lemma Hop_scaled_b0s:
  assumes c: "c > 0"
  shows "Hop isC \<mu> E \<gamma> f \<eta> (c *\<^sub>R b0s) = ereal (\<gamma> / (1 - \<gamma>) * (c powr ((\<gamma> - 1) / \<gamma>) *
    (\<integral>\<theta>. f \<theta> powr (1 / \<gamma>) * (\<eta> \<theta> * b0 \<theta>) powr ((\<gamma> - 1) / \<gamma>) \<partial>\<mu>)))"
proof -
  have ae: "AE \<theta> in \<mu>. f \<theta> powr (1 / \<gamma>) * (\<eta> \<theta> * (c * b0 \<theta>)) powr ((\<gamma> - 1) / \<gamma>)
      = c powr ((\<gamma> - 1) / \<gamma>) * (f \<theta> powr (1 / \<gamma>) * (\<eta> \<theta> * b0 \<theta>) powr ((\<gamma> - 1) / \<gamma>))"
    using AE_space b0_pos_AE
  proof eventually_elim
    case (elim \<theta>)
    then have "\<eta> \<theta> * b0 \<theta> \<ge> 0" using eta_pos by (simp add: less_imp_le)
    then show ?case using c by (simp add: powr_mult mult_ac)
  qed
  have m1: "(\<lambda>\<theta>. f \<theta> powr (1 / \<gamma>) * (\<eta> \<theta> * (c * b0 \<theta>)) powr ((\<gamma> - 1) / \<gamma>)) \<in> borel_measurable \<mu>"
    by measurable
  have m2: "(\<lambda>\<theta>. c powr ((\<gamma> - 1) / \<gamma>) * (f \<theta> powr (1 / \<gamma>) * (\<eta> \<theta> * b0 \<theta>) powr ((\<gamma> - 1) / \<gamma>)))
      \<in> borel_measurable \<mu>"
    by measurable
  have int: "integrable \<mu> (\<lambda>\<theta>. f \<theta> powr (1 / \<gamma>) * (\<eta> \<theta> * (c * b0 \<theta>)) powr ((\<gamma> - 1) / \<gamma>))"
    using integrable_cong_AE[OF m1 m2 ae] integrable_conjugate_density by simp
  have density: "integrable \<mu> (\<lambda>\<theta>. E x \<theta> * (c * b0 \<theta>))
      \<and> blinfun_apply (c *\<^sub>R b0s) x = (\<integral>\<theta>. E x \<theta> * (c * b0 \<theta>) \<partial>\<mu>)" for x
    using b0_density by (simp add: scaleR_blinfun.rep_eq mult.left_commute)
  have pos: "AE \<theta> in \<mu>. \<eta> \<theta> * (c * b0 \<theta>) > 0"
    using AE_space b0_pos_AE by eventually_elim (use eta_pos c in simp)
  have "Hop isC \<mu> E \<gamma> f \<eta> (c *\<^sub>R b0s) = ereal (\<gamma> / (1 - \<gamma>) *
      (\<integral>\<theta>. f \<theta> powr (1 / \<gamma>) * (\<eta> \<theta> * (c * b0 \<theta>)) powr ((\<gamma> - 1) / \<gamma>) \<partial>\<mu>))"
    using Hop_eq_of_density[OF gamma f_pos f_meas E_meas density _ _ Nop_AE pos int
        exists_Hamiltonian_maximizer[OF c]]
    by simp
  also have "\<dots> = ereal (\<gamma> / (1 - \<gamma>) * (c powr ((\<gamma> - 1) / \<gamma>) *
      (\<integral>\<theta>. f \<theta> powr (1 / \<gamma>) * (\<eta> \<theta> * b0 \<theta>) powr ((\<gamma> - 1) / \<gamma>) \<partial>\<mu>)))"
    using integral_cong_AE[OF m1 m2 ae] by simp
  finally show ?thesis .
qed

### What to produce:
Once the listing has been read, copy every line of it exactly.

### Task solution:
lemma Hop_scaled_b0s:
  assumes c: "c > 0"
  shows "Hop isC \<mu> E \<gamma> f \<eta> (c *\<^sub>R b0s) = ereal (\<gamma> / (1 - \<gamma>) * (c powr ((\<gamma> - 1) / \<gamma>) *
    (\<integral>\<theta>. f \<theta> powr (1 / \<gamma>) * (\<eta> \<theta> * b0 \<theta>) powr ((\<gamma> - 1) / \<gamma>) \<partial>\<mu>)))"
proof -
  have ae: "AE \<theta> in \<mu>. f \<theta> powr (1 / \<gamma>) * (\<eta> \<theta> * (c * b0 \<theta>)) powr ((\<gamma> - 1) / \<gamma>)
      = c powr ((\<gamma> - 1) / \<gamma>) * (f \<theta> powr (1 / \<gamma>) * (\<eta> \<theta> * b0 \<theta>) powr ((\<gamma> - 1) / \<gamma>))"
    using AE_space b0_pos_AE
  proof eventually_elim
    case (elim \<theta>)
    then have "\<eta> \<theta> * b0 \<theta> \<ge> 0" using eta_pos by (simp add: less_imp_le)
    then show ?case using c by (simp add: powr_mult mult_ac)
  qed
  have m1: "(\<lambda>\<theta>. f \<theta> powr (1 / \<gamma>) * (\<eta> \<theta> * (c * b0 \<theta>)) powr ((\<gamma> - 1) / \<gamma>)) \<in> borel_measurable \<mu>"
    by measurable
  have m2: "(\<lambda>\<theta>. c powr ((\<gamma> - 1) / \<gamma>) * (f \<theta> powr (1 / \<gamma>) * (\<eta> \<theta> * b0 \<theta>) powr ((\<gamma> - 1) / \<gamma>)))
      \<in> borel_measurable \<mu>"
    by measurable
  have int: "integrable \<mu> (\<lambda>\<theta>. f \<theta> powr (1 / \<gamma>) * (\<eta> \<theta> * (c * b0 \<theta>)) powr ((\<gamma> - 1) / \<gamma>))"
    using integrable_cong_AE[OF m1 m2 ae] integrable_conjugate_density by simp
  have density: "integrable \<mu> (\<lambda>\<theta>. E x \<theta> * (c * b0 \<theta>))
      \<and> blinfun_apply (c *\<^sub>R b0s) x = (\<integral>\<theta>. E x \<theta> * (c * b0 \<theta>) \<partial>\<mu>)" for x
    using b0_density by (simp add: scaleR_blinfun.rep_eq mult.left_commute)
  have pos: "AE \<theta> in \<mu>. \<eta> \<theta> * (c * b0 \<theta>) > 0"
    using AE_space b0_pos_AE by eventually_elim (use eta_pos c in simp)
  have "Hop isC \<mu> E \<gamma> f \<eta> (c *\<^sub>R b0s) = ereal (\<gamma> / (1 - \<gamma>) *
      (\<integral>\<theta>. f \<theta> powr (1 / \<gamma>) * (\<eta> \<theta> * (c * b0 \<theta>)) powr ((\<gamma> - 1) / \<gamma>) \<partial>\<mu>))"
    using Hop_eq_of_density[OF gamma f_pos f_meas E_meas density _ _ Nop_AE pos int
        exists_Hamiltonian_maximizer[OF c]]
    by simp
  also have "\<dots> = ereal (\<gamma> / (1 - \<gamma>) * (c powr ((\<gamma> - 1) / \<gamma>) *
      (\<integral>\<theta>. f \<theta> powr (1 / \<gamma>) * (\<eta> \<theta> * b0 \<theta>) powr ((\<gamma> - 1) / \<gamma>) \<partial>\<mu>)))"
    using integral_cong_AE[OF m1 m2 ae] by simp
  finally show ?thesis .
qed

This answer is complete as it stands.